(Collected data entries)

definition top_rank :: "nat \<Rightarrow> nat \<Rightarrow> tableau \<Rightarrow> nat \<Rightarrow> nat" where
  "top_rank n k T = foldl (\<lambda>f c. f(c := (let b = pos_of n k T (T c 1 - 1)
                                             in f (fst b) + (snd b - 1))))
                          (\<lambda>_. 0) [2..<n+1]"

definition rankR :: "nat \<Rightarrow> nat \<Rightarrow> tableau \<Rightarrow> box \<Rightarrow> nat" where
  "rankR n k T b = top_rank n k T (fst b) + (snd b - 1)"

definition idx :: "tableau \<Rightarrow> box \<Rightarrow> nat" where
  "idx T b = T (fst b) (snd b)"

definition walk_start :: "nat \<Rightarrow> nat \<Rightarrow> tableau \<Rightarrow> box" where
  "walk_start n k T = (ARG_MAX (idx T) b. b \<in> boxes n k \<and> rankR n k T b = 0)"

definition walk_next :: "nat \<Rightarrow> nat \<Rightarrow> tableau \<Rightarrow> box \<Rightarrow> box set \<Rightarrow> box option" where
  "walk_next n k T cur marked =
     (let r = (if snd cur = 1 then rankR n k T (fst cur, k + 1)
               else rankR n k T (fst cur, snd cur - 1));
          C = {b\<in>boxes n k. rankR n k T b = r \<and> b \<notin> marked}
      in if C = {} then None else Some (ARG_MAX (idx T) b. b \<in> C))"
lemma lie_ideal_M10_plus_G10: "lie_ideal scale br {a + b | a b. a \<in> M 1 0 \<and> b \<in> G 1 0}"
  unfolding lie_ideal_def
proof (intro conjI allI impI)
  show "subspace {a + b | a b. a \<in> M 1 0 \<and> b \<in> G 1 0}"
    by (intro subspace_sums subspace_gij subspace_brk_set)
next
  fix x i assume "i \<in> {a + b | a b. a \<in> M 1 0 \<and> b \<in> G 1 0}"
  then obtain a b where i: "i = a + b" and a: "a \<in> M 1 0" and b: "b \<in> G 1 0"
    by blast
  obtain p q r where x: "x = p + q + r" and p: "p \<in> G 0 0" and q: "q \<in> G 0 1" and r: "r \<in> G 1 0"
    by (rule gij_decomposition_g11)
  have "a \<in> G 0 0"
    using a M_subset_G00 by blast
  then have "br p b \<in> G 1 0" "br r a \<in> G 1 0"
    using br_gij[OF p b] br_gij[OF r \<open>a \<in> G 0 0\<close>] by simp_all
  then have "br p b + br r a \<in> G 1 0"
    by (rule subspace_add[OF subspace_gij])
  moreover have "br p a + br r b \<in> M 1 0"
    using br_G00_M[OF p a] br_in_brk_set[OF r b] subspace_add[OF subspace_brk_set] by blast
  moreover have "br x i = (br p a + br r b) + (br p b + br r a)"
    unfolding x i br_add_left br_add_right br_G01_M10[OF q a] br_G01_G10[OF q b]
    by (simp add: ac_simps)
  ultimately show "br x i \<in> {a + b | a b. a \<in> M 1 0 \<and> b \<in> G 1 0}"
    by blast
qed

--

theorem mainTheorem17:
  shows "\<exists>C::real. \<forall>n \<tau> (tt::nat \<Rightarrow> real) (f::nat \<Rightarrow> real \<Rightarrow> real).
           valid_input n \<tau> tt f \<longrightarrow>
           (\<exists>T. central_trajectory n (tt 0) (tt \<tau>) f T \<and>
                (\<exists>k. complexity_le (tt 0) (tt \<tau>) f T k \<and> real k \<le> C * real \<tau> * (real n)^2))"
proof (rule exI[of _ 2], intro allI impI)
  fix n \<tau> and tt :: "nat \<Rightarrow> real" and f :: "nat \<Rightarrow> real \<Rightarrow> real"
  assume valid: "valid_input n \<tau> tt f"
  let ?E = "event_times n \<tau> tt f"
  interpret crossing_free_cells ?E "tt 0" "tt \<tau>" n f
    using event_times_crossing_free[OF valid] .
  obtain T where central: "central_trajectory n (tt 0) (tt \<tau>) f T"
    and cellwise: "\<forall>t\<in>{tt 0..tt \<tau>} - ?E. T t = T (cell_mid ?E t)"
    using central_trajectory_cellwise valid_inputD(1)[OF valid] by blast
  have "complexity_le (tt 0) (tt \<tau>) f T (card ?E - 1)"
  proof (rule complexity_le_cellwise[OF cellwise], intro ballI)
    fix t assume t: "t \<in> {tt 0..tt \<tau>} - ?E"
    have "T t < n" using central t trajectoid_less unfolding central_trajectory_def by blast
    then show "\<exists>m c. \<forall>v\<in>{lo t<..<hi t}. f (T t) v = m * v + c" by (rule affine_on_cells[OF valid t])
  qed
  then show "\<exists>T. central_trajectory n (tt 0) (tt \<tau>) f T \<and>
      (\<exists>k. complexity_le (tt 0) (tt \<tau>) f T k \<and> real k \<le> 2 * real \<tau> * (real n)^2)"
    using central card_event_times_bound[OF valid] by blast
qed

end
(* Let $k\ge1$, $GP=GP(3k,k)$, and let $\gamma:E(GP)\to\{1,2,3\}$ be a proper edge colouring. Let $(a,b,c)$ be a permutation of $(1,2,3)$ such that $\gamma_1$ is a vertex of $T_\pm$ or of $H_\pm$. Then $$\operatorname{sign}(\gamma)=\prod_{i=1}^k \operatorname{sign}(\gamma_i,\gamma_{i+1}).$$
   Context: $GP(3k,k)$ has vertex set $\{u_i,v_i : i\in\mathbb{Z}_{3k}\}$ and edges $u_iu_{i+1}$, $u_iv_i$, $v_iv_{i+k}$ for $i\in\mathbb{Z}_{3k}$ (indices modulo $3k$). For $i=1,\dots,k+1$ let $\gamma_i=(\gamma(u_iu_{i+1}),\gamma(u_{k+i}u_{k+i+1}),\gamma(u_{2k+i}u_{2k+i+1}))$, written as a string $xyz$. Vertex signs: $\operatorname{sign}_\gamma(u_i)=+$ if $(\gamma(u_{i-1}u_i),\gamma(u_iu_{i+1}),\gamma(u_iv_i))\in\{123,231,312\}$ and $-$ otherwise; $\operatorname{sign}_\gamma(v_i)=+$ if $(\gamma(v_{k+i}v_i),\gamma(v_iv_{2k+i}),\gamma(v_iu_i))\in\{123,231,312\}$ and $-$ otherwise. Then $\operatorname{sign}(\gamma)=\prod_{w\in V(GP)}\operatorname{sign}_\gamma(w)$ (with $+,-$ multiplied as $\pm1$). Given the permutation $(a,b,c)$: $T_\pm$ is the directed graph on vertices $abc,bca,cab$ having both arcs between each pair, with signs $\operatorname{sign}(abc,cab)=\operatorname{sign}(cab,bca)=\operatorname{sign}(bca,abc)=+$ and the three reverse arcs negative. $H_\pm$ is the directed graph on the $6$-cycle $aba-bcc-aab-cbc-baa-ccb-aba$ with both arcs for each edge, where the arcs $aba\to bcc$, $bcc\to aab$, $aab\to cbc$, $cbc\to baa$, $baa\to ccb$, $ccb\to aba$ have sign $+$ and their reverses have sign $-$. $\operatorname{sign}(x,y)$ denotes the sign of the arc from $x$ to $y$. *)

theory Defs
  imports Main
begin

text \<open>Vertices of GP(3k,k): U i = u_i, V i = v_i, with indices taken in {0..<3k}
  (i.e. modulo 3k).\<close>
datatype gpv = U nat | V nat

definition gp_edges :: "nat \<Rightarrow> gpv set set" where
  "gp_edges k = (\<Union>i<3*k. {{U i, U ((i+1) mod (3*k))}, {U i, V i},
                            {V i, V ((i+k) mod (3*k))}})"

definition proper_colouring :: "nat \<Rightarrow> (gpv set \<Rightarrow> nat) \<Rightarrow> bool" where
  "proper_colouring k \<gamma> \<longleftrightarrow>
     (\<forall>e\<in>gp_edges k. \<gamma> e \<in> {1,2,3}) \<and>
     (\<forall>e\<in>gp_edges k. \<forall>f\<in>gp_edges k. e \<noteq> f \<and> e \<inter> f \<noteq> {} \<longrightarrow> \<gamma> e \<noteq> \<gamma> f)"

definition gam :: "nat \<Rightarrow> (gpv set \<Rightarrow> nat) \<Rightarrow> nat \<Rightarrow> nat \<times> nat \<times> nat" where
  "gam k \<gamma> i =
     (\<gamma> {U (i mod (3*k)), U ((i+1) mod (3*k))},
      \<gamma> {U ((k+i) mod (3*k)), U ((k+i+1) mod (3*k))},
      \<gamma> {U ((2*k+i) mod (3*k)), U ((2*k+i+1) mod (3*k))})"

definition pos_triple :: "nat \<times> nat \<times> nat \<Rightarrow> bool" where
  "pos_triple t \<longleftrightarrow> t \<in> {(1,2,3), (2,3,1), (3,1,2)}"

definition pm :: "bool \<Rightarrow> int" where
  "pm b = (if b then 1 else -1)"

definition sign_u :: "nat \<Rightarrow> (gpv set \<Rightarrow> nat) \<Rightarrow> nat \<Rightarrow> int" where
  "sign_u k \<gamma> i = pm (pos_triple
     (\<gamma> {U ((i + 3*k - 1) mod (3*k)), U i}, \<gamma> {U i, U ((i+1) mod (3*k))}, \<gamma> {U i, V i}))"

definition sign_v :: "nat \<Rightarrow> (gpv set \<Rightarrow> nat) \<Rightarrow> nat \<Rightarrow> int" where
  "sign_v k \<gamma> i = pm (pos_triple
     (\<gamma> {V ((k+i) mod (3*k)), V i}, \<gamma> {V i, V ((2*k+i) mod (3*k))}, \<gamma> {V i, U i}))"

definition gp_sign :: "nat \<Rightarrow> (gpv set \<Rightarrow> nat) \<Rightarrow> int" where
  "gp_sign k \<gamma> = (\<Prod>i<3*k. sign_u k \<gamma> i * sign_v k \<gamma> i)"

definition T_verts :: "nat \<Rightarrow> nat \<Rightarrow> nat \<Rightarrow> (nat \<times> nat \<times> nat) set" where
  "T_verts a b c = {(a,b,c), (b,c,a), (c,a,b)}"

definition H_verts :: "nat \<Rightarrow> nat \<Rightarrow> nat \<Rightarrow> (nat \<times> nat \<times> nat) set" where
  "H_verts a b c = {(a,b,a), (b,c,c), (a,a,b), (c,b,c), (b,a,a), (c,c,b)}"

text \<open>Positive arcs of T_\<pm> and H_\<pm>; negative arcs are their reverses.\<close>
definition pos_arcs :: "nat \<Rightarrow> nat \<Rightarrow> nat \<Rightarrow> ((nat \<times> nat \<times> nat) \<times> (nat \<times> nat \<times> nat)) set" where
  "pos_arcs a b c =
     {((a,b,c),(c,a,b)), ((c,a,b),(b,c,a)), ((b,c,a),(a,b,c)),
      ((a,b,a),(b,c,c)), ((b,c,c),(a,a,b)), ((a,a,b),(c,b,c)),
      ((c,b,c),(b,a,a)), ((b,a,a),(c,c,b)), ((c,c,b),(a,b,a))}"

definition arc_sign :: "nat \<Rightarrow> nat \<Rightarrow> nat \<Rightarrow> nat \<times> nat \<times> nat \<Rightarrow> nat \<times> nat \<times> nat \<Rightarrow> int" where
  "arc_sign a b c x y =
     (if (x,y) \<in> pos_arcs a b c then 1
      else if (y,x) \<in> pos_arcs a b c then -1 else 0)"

==

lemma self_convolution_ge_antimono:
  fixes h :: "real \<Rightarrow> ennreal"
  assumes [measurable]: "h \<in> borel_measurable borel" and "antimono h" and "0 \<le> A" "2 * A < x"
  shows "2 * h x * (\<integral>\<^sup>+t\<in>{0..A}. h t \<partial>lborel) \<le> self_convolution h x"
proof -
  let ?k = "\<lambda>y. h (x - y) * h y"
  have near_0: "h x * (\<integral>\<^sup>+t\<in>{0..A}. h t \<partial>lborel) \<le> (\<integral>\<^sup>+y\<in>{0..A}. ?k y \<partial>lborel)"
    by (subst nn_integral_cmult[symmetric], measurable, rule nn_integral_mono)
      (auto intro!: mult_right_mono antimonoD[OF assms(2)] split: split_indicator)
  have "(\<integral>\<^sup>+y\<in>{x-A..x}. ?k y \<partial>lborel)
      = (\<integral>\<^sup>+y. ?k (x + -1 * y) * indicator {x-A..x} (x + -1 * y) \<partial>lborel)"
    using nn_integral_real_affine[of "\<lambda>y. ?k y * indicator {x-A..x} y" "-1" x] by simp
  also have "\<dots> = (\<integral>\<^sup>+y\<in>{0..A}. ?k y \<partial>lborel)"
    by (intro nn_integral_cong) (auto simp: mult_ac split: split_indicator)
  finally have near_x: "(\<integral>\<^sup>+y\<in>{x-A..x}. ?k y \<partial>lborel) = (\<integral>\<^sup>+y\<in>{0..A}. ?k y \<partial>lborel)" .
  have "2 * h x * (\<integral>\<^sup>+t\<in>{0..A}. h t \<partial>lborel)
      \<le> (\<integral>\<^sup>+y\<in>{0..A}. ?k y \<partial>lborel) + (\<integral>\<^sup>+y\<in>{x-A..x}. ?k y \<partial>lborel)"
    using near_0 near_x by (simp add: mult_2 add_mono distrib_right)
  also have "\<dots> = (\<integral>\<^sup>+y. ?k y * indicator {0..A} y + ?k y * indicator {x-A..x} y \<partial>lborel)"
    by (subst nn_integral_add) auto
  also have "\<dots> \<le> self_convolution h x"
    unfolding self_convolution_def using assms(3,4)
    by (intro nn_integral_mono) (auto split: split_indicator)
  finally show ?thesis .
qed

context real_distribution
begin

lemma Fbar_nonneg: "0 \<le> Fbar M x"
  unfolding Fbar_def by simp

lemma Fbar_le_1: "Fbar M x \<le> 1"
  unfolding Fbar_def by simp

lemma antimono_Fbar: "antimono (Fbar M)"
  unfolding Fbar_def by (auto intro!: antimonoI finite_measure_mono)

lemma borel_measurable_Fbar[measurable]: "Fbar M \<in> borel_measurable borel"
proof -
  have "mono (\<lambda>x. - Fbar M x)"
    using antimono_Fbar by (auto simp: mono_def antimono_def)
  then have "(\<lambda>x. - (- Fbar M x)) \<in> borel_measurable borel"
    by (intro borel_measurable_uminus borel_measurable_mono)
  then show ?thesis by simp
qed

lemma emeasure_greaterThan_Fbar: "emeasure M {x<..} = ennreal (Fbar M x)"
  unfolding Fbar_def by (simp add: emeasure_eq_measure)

### Problem description:
Look through the entries above and quote exactly the lines from the line with "tableau \<Rightarrow> nat" to the line with "(fst b) (snd", counting both of those lines.

### Solution to this problem:
definition top_rank :: "nat \<Rightarrow> nat \<Rightarrow> tableau \<Rightarrow> nat \<Rightarrow> nat" where
  "top_rank n k T = foldl (\<lambda>f c. f(c := (let b = pos_of n k T (T c 1 - 1)
                                             in f (fst b) + (snd b - 1))))
                          (\<lambda>_. 0) [2..<n+1]"

definition rankR :: "nat \<Rightarrow> nat \<Rightarrow> tableau \<Rightarrow> box \<Rightarrow> nat" where
  "rankR n k T b = top_rank n k T (fst b) + (snd b - 1)"

definition idx :: "tableau \<Rightarrow> box \<Rightarrow> nat" where
  "idx T b = T (fst b) (snd b)"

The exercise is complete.